FPS comments, for people like me who can't read quite that quickly (I think this is all of them): oops, 2.5 fps - sorry! strong cct vibes frame-rate mismatches are painful huh maybe you're wondering how this happened? because 2.5fps is rather an unusual framerate this camera was used for a different piece of work sean (the fool) forgot to check the settings normally this camera (a canon xa50) stays in the bag for computerphile shoots but, having used it to timelapse something it was set to 4k 25fps but on a 10x settings maybe an ai frame interpolator can help... or make mike look like 'the flash' better, or worse? i kinda like it...
Thank you for this! I now just need to block out the bottom half of my screen, so they do not distract me anymore. -- Edit: @Computerphile I don't mind reading the explanation, but please, not like this. The short, almost subliminal-like messages making your 2.5 FPS excuses at the bottom of the screen were very distracting from the lecture itself. Had to constantly pause/rewind. Basically, I forced myself to watch a sup bar video twice.
The idea of pre-computing a large part of the decryption for each prime number is similar to how GSM and later mobile phone encryption systems were broken - we called the pre-computed data ‘Rainbow Tables’
@@iammeok yes, they are often called that way, but the term is misused in that case imo. Those are simply hash tables, while rainbow tables use a mechanism of chaining reduction functions, as described in Oechslin‘s paper from 2003.
The real problem with mobile phone encryption (at least back in the GSM days) was that it was made deliberately weak due to pressure from spy agencies.

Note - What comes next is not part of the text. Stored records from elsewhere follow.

lemma Vrec_measurable_bounded:
  fixes f :: "real^'w \<Rightarrow> real^'n \<Rightarrow> real^'c \<Rightarrow> real^'n"
  assumes f: "(\<lambda>(w, x, u). f w x u) \<in> borel_measurable borel"
    and p_meas: "p \<in> borel_measurable lborel"
    and p_nonneg: "\<And>w. 0 \<le> p w" and p_prob: "(\<integral>\<^sup>+w. ennreal (p w) \<partial>lborel) = 1"
    and "0 < \<sigma>" and \<pi>_meas: "\<And>j. \<pi> j \<in> borel_measurable borel"
    and [measurable]: "G \<in> sets borel" "S \<in> sets borel" and "G \<inter> S = {}"
  shows "Vrec f p \<sigma> \<pi> G S N m \<in> borel_measurable borel
    \<and> (\<forall>x. 0 \<le> Vrec f p \<sigma> \<pi> G S N m x \<and> Vrec f p \<sigma> \<pi> G S N m x \<le> 1)"
proof (induction m)
  case 0
  then show ?case by (auto simp: indicator_def)
next
  case (Suc m)
  let ?V = "Vrec f p \<sigma> \<pi> G S N m" and ?u = "\<pi> (N - Suc m)"
  define I where "I x = (LINT y|lborel. ?V y * post_pred f p \<sigma> x (?u x) y)" for x
  have V_meas [measurable]: "?V \<in> borel_measurable borel"
    and V_bounds: "\<And>y. 0 \<le> ?V y" "\<And>y. ?V y \<le> 1"
    using Suc.IH by auto
  have "(\<lambda>(x, y). post_pred f p \<sigma> x (?u x) y) \<in> borel_measurable (lborel \<Otimes>\<^sub>M lborel)"
    by (rule borel_measurable_post_pred[OF f p_meas \<pi>_meas])
  then have "(\<lambda>(x, y). ?V y * post_pred f p \<sigma> x (?u x) y) \<in> borel_measurable (lborel \<Otimes>\<^sub>M lborel)"
    by measurable
  then have [measurable]: "I \<in> borel_measurable borel"
    unfolding I_def by (simp add: lborel.borel_measurable_lebesgue_integral split_beta' cong: measurable_cong_sets)
  have "0 \<le> I x \<and> I x \<le> 1" for x
    unfolding I_def integral_post_pred_eq_enn2real[OF f p_meas p_nonneg p_prob \<open>0 < \<sigma>\<close> V_meas V_bounds]
    using nn_integral_post_pred_le_1[OF f p_meas p_nonneg p_prob \<open>0 < \<sigma>\<close> V_meas V_bounds]
    by (auto intro: enn2real_leI)
  moreover have "Vrec f p \<sigma> \<pi> G S N (Suc m) = (\<lambda>x. indicator G x + indicator S x * I x)"
    by (simp add: I_def fun_eq_iff)
  moreover have "(\<lambda>x. indicator G x + indicator S x * I x) \<in> borel_measurable borel"
    by measurable
  ultimately show ?case
    using \<open>G \<inter> S = {}\<close> by (auto simp: indicator_def)
qed

lemma zcell_eqI:
  assumes "disjoint Q" "q \<in> Q" "x \<in> q"
  shows "zcell Q x = q"
  unfolding zcell_def
proof (rule the_equality)
  show "q \<in> Q \<and> x \<in> q" using assms(2,3) ..
  show "q' = q" if "q' \<in> Q \<and> x \<in> q'" for q'
    using assms that by (auto simp: disjoint_def)
qed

It's not a property of the prime number itself. The key exchange requires the choice of two separate, publically-disclosable numbers: the giant prime that was mentioned, and a generator, which is allowed to be small
If you're wondering how pi was used to get a prime, there should be rounding down (floor) brackets in there. From RFC 2409: "The prime is 2^1024 - 2^960 - 1 + 2^64 * { [2^894 pi] + 129093 }. Its hexadecimal value is FFFFFFFF FFFFFFFF C90FDAA2 2168C234 C4C6628B 80DC1CD1 29024E08 8A67CC74 020BBEA6 3B139B22 514A0879 8E3404DD EF9519B3 CD3A431B 302B0A6D F25F1437 4FE1356D 6D51C245 E485B576 625E7EC6 F44C42E9 A637ED6B 0BFF5CB6 F406B7ED EE386BFB 5A899FA5 AE9F2411 7C4B1FE6 49286651 ECE65381 FFFFFFFF FFFFFFFF"
@@threeMetreJim RFCs are technical documents used for things like internet protocol definitions. I'd start by looking at RFC 2409. If not, I believe there's at least one method to verify whether a number is prime. They shouldn't be hard to find.
Outstanding vid, it's great that people can get such an approachable insight into not only what goes on behind the scenes of something they do every day, but the to and fro of the conflict that is being carried out to break (and keep safe) their communications.
I remember being tasked at the time with building a group policy for our windows servers to remove compromised cipher suites as available options. Its cool to finally understand what was really going on with that, since at the time all I understood was there was a downgrade attack that was possible.
Seriously... why is there a Pi in the prime for Oakley Group 2? I think even 2Blue1Brown would have sleepless nights tracking down the hidden circle in that little nugget.
You simply configure the server to not permit weak schemes. open vpn server actually allows to define a dhparam file. I use a 4096 bit one, it contains p and g, were p is the 4096 bit public prime and g is the generator. Just generating the prime took a few dozen minutes.
A safe prime in RFC is "probably" broken.. and now elliptic curve is used, but, as far as I remember some defaults for elliptic curve are part of RFC and it was mentioned in an older Numberphile video that elliptic curve might be broken too..
with a name like logjam i thought you was talking about either a variant of log4j or overwhelming the server logs making it confusing to a security admin.
Lol I love the little text explanations in the corner of the video about the atrocious 2.5 FPS issue 😂 make sure to give Sean two and a half smacks, one for each frame per second lmao
Sounds like bit encryptions should be upgraded to say 16k bit encryptions for the foreseeable future and then later 128k bit encryptions, sure it sounds a bit ridiculous but on the other hand by the time the encryptions are broken the information would likely be no longer valuable.
I wonder if there's been any studies on how many years it would take to break 2000 bit primes compared to processing power capabilities over the next 30 years.
Net worth and liquid are wildly different. For hundreds of millions in liquid that could be put to something like this, large tech companies could manage.
13:25 I am not a cryptography expert, but I know pi is not a rational number, so multiplying pi with an integer is not an integer, so a sum containing such a term can't be a prime. So I guess there is something missing here.